А что будет, если выскочат вдогонку немцы, ворвутся сюда на плечах наших? Нет, так не пойдет!
Посылаю Лысанку карьером, в полминуты обгоняю бегущих. Осадив коня, поворачиваюсь им навстречу. Тяжело дыша, подбегают передние.
— Стой! — резко кричу я.
Безотказно действует укоренившийся рефлекс дисциплины. Послушные приказу, бойцы остановились.
— Не убегать! Будем отходить, как положено солдатам. Заев, почему допустил такой кабак?
Заев шагает ко мне. Шумно отдуваясь, произносит:
— Нас, товарищ комбат, прикрывают пулеметчики… Я думал, что…
— Где уж тут думать, если бежишь как угорелый! Отходи повзводно! Управляй!
— Есть! — гаркает Заев.
И тотчас командует:
— Всем разобраться! Первый взвод, стройся! Второй и третий, прикрывать отход! Разомкнись! Шире… Еще шире…
Подняв жилистый кулак. Заев грозно командует:
— Шагом…
И рявкает:
— Марш!
Где в такую минуту мое место? Если пойду впереди — вдруг задние не выдержат, вновь побегут, смутят других… Отъезжаю к небольшой выпучине, соскакиваю с седла, приказываю Синченко вести лошадей в лес, взбираюсь на бугорок.
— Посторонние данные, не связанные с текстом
lemma E_prod_asymp_equiv:
  fixes \<theta> :: real
  assumes "\<theta> > 0"
  shows "(\<lambda>n::nat. E_prod (nat \<lfloor>\<theta> * real n\<rfloor>) n)
           \<sim>[sequentially \<sqinter> principal {n. \<theta> * real n \<in> \<int>}]
         (\<lambda>n. sqrt (2 * (\<theta> + 1) / (2 * \<theta> + 1)) *
              ((2 * \<theta> + 1) powr (2 * \<theta> + 1) /
               ((4 * \<theta>) powr \<theta> * (\<theta> + 1) powr (\<theta> + 1))) ^ n)"
    (is "(\<lambda>n. E_prod (?M n) n) \<sim>[?F] (\<lambda>n. ?c * ?K ^ n)")
proof -
  define M where "M n = nat \<lfloor>\<theta> * real n\<rfloor>" for n
  define correction where "correction n = real (2 * M n) * real (n + M n) / (real (n + 2 * M n) * real (M n))" for n
  have M: "filterlim M at_top ?F"
    unfolding M_def by (rule filterlim_mono[OF filterlim_nat_floor_mult_at_top[OF assms] order_refl inf_le1])
  then have "eventually (\<lambda>n. M n \<ge> 1) ?F"
    by (simp add: filterlim_at_top)
  then have "(\<lambda>n. E_prod (?M n) n) \<sim>[?F]
      (\<lambda>n. fact (n + 2 * M n) * fact (M n) / (fact (2 * M n) * fact (n + M n)) * correction n)"
    by (intro asymp_equiv_refl_ev) (auto elim!: eventually_mono simp: E_prod_eq_fact_quotient M_def correction_def)
  also have "\<dots> \<sim>[?F] (\<lambda>n. stirling_main (n + 2 * M n) * stirling_main (M n) /
        (stirling_main (2 * M n) * stirling_main (n + M n)) * correction n)"
    by (intro asymp_equiv_intros fact_quotient_asymp_equiv M filterlim_at_top_mono[OF M]) auto
  also have "\<dots> \<sim>[?F] (\<lambda>n. ?c * ?K ^ n)"
  proof (rule asymp_equiv_refl_ev)
    have "eventually (\<lambda>n. n \<ge> 1 \<and> \<theta> * real n \<in> \<int>) ?F"
      by (auto simp: eventually_inf_principal eventually_mono[OF eventually_ge_at_top[of 1]])
    then show "eventually (\<lambda>n. stirling_main (n + 2 * M n) * stirling_main (M n) /
        (stirling_main (2 * M n) * stirling_main (n + M n)) * correction n = ?c * ?K ^ n) ?F"
    proof (rule eventually_mono, safe elim!: Ints_cases)
      fix n :: nat and z :: int
      assume n: "n \<ge> 1" and z: "\<theta> * real n = of_int z"
      have "0 \<le> real_of_int z"
        using assms by (simp flip: z)
      then have "real (M n) = \<theta> * real n"
        using z by (simp add: M_def)
      then have casts: "real (n + 2 * M n) = (1 + 2 * \<theta>) * real n" "real (2 * M n) = (2 * \<theta>) * real n"
          "real (n + M n) = (1 + \<theta>) * real n" "real (M n) = \<theta> * real n"
        by (simp_all add: algebra_simps)
      have "?K powr real n = ?K ^ n"
        using assms by (intro powr_realpow) simp
      then show "stirling_main (n + 2 * M n) * stirling_main (M n) /
        (stirling_main (2 * M n) * stirling_main (n + M n)) * correction n = ?c * ?K ^ n"
        unfolding correction_def casts
        using stirling_main_quotient_theta[OF assms, of "real n"] n by simp
    qed
  qed
  finally show ?thesis
    unfolding M_def .
qed
(* Let $\tilde\alpha=(\tilde\alpha_1,\dots,\tilde\alpha_n)\in\mathbb{F}_{2^m}^n$ be a support tuple, let $t$ be a positive integer, and let $C\subseteq\mathbb{F}_2^n$ be a binary Goppa code. Consider the following procedure $\mathrm{GoppaGCD}(\tilde\alpha,t,C)$: (1) Set $\tilde g:=0$ and choose an $\mathbb{F}_2$-basis $B$ of $C$. (2) For each $c\in B$ in turn: set $\hat s_{c,\tilde\alpha}:=\sum_{i\in I_c}\prod_{j\in I_c\setminus\{i\}}(x-\tilde\alpha_j)$ and $\tilde g:=\gcd(\tilde g,\hat s_{c,\tilde\alpha})$; if $\deg(\tilde g)<2t$, return Fail. (3) For $i=1,\dots,n$: while $\tilde g(\tilde\alpha_i)=0$, replace $\tilde g$ by $\tilde g/(x-\tilde\alpha_i)$. (4) If $\deg(\tilde g)<2t$ return Fail; otherwise return $\tilde g$. Then this procedure terminates, and the following are equivalent: (a) $\mathrm{GoppaGCD}(\tilde\alpha,t,C)$ returns a degree-$u$ extension of $\tilde\alpha$ with respect to $C$ for some $u\ge 2t$; (b) $\tilde\alpha$ is degree-$u$ extendable with respect to $C$ for some $u\ge 2t$. Otherwise, the procedure returns Fail.
   Context: $\mathbb{F}_{2^m}$ is the finite field with $2^m$ elements. A support tuple is $\tilde\alpha\in\mathbb{F}_{2^m}^n$ with pairwise distinct entries. For $c\in\mathbb{F}_2^n$, $I_c=\{i\mid c_i=1\}$. For a support tuple $\alpha$ and a polynomial $g\in\mathbb{F}_{2^m}[x]$ with $g(\alpha_i)\neq 0$ for all $i$ (a Goppa polynomial for $\alpha$), the binary Goppa code is $\Gamma(\alpha,g)=\{c\in\mathbb{F}_2^n\mid \sum_{i\in I_c}(x-\alpha_i)^{-1}=0\text{ in }\mathbb{F}_{2^m}[x]/\langle g\rangle\}$; equivalently $c\in\Gamma(\alpha,g)$ iff $g\mid \sum_{i\in I_c}\prod_{j\in I_c\setminus\{i\}}(x-\alpha_j)$. A binary Goppa code is a code of the form $\Gamma(\alpha,g)$. For $u\in\mathbb{N}_+$, a degree-$u$ extension of $\tilde\alpha$ with respect to $C$ is a Goppa polynomial $\tilde g$ for $\tilde\alpha$ with $\deg\tilde g=u$ and $C\subseteq\Gamma(\tilde\alpha,\tilde g)$; $\tilde\alpha$ is degree-$u$ extendable with respect to $C$ if such an extension exists. The gcd is taken as the monic gcd, with $\gcd(0,h)$ the monic associate of $h$. *)

theory Defs
  imports "HOL-Computational_Algebra.Polynomial" "HOL-Computational_Algebra.Polynomial_Factorial" "HOL-Computational_Algebra.Euclidean_Algorithm"
          "HOL-Library.Z2" "HOL-Library.Cardinality" "HOL-Library.While_Combinator"
begin

text \<open>Binary vectors of length n: functions nat to bit vanishing outside the indices 0..n-1.
  Support tuples: alpha :: nat to field, injective on 0..n-1 (index i of the paper is i-1 here).\<close>

definition F2vecs :: "nat \<Rightarrow> (nat \<Rightarrow> bit) set" where
  "F2vecs n = {c. \<forall>i\<ge>n. c i = 0}"

definition support_tuple :: "nat \<Rightarrow> (nat \<Rightarrow> 'a) \<Rightarrow> bool" where
  "support_tuple n \<alpha> \<longleftrightarrow> inj_on \<alpha> {..<n}"

definition Ic :: "nat \<Rightarrow> (nat \<Rightarrow> bit) \<Rightarrow> nat set" where
  "Ic n c = {i. i < n \<and> c i = 1}"

definition shat :: "nat \<Rightarrow> (nat \<Rightarrow> 'a::field) \<Rightarrow> (nat \<Rightarrow> bit) \<Rightarrow> 'a poly" where
  "shat n \<alpha> c = (\<Sum>i\<in>Ic n c. \<Prod>j\<in>Ic n c - {i}. [:- \<alpha> j, 1:])"

definition goppa_poly :: "nat \<Rightarrow> (nat \<Rightarrow> 'a::field) \<Rightarrow> 'a poly \<Rightarrow> bool" where
  "goppa_poly n \<alpha> g \<longleftrightarrow> (\<forall>i<n. poly g (\<alpha> i) \<noteq> 0)"

definition goppa_code :: "nat \<Rightarrow> (nat \<Rightarrow> 'a::field) \<Rightarrow> 'a poly \<Rightarrow> (nat \<Rightarrow> bit) set" where
  "goppa_code n \<alpha> g = {c \<in> F2vecs n. g dvd shat n \<alpha> c}"

definition binary_goppa_code :: "nat \<Rightarrow> (nat \<Rightarrow> bit) set \<Rightarrow> ('a::field) itself \<Rightarrow> bool" where
  "binary_goppa_code n C _ \<longleftrightarrow>
     (\<exists>(\<alpha> :: nat \<Rightarrow> 'a) g. support_tuple n \<alpha> \<and> goppa_poly n \<alpha> g \<and> C = goppa_code n \<alpha> g)"

definition is_extension :: "nat \<Rightarrow> (nat \<Rightarrow> 'a::field) \<Rightarrow> (nat \<Rightarrow> bit) set \<Rightarrow> nat \<Rightarrow> 'a poly \<Rightarrow> bool" where
  "is_extension n \<alpha> C u g \<longleftrightarrow> goppa_poly n \<alpha> g \<and> degree g = u \<and> C \<subseteq> goppa_code n \<alpha> g"
(* Let $B_H$ be an $\mathbb{F}$-adapted fractional Brownian motion with Hurst parameter $\frac12<H<1$ (with continuous paths). Then $B_H\in\mathbf{Q}^p(\mathbb{F})$ for every $p>\frac1H$.
   Context: $\mathbb{F}$ is the usual augmentation of the filtration of a $d$-dimensional Brownian motion on $(\Omega,\mathcal{F},\mathbb{P})$; $0<T<\infty$. A random partition is a strictly increasing sequence $\tau=(S_n)_{n\ge0}$ of $\mathbb{F}$-stopping times with $S_0=0$ and $S_n\uparrow+\infty$ a.s.; $\mathbb{T}$ is the set of all random partitions. For a process $Y$ on $[0,T]$, $Q^\alpha_\tau(Y)=|Y(0)|^\alpha+\sum_{n\ge0}|Y(S_{n+1})-Y(S_n)|^\alpha$ (increments over $[0,T]$, i.e. evaluating at $S_n\wedge T$). $\mathbf{Q}^\alpha(\mathbb{F})$ is the set of Wiener functionals ($\mathbb{F}$-adapted continuous processes $Y$ with $\mathbb{E}\sup_{t\le T}|Y(t)|^2<\infty$) such that $\|Y\|_{\mathbf{Q}^\alpha}=\sup_{\tau\in\mathbb{T}}[\mathbb{E}Q^\alpha_\tau(Y)]^{1/\alpha}<\infty$. *)

theory Defs
  imports "HOL-Probability.Probability"
begin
Теперь меня видно отовсюду.
Сотни цветных мух по-прежнему носятся над двумя цепочками людей, удаляющихся скорым шагом, снуют между фигурами. Внезапно мне делается страшно: наверное, сейчас немцы снесут полвзвода. Нет, все целы, идут, пуля пока никого не тронула.
Поднялась, пошла еще одна шеренга.
Заев тоже высмотрел для себя горбик, взбежал на него и, грозно уперев сжатые кулаки в бока — по-русски это говорится «руки в боки», — молча наблюдает, как отходит рота.
Наконец и он, покосившись на меня, покидает свою вышку, уходит, вышагивая длинными ногами, с последней цепью роты.
Возле меня задержался лишь Бозжанов. Слышу его голос:
— Товарищ комбат, сойдите. Тут очень опасно.
Отвечаю:
— Можешь уходить… Тебе никто не велел здесь оставаться.
Нет, Бозжанов меня не оставляет. По широкому лицу пробегает тень обиды, но тотчас же он забывает о задетом самолюбии: глаза-щелочки сторожко окидывают местность.
Мы видим: на пастбище с другого края выносится рота Филимонова. Она тоже валит скопом, потеряв порядок. Иные бойцы далеко обогнали командира. Вон он, подтянутый, поджарый Филимонов, легко, будто без усилий, бежит в гурьбе солдат. Заметил меня, с маху остановился. Его обходят, обтекают. Но уже приметили комбата.
Те, что разогнались, вышли вперед, замедляют бег. Филимонов повелительно командует, рота почти враз ложится; бойцы перебежками занимают места в своих отделениях, во взводах, поворачиваются лицом к пулям.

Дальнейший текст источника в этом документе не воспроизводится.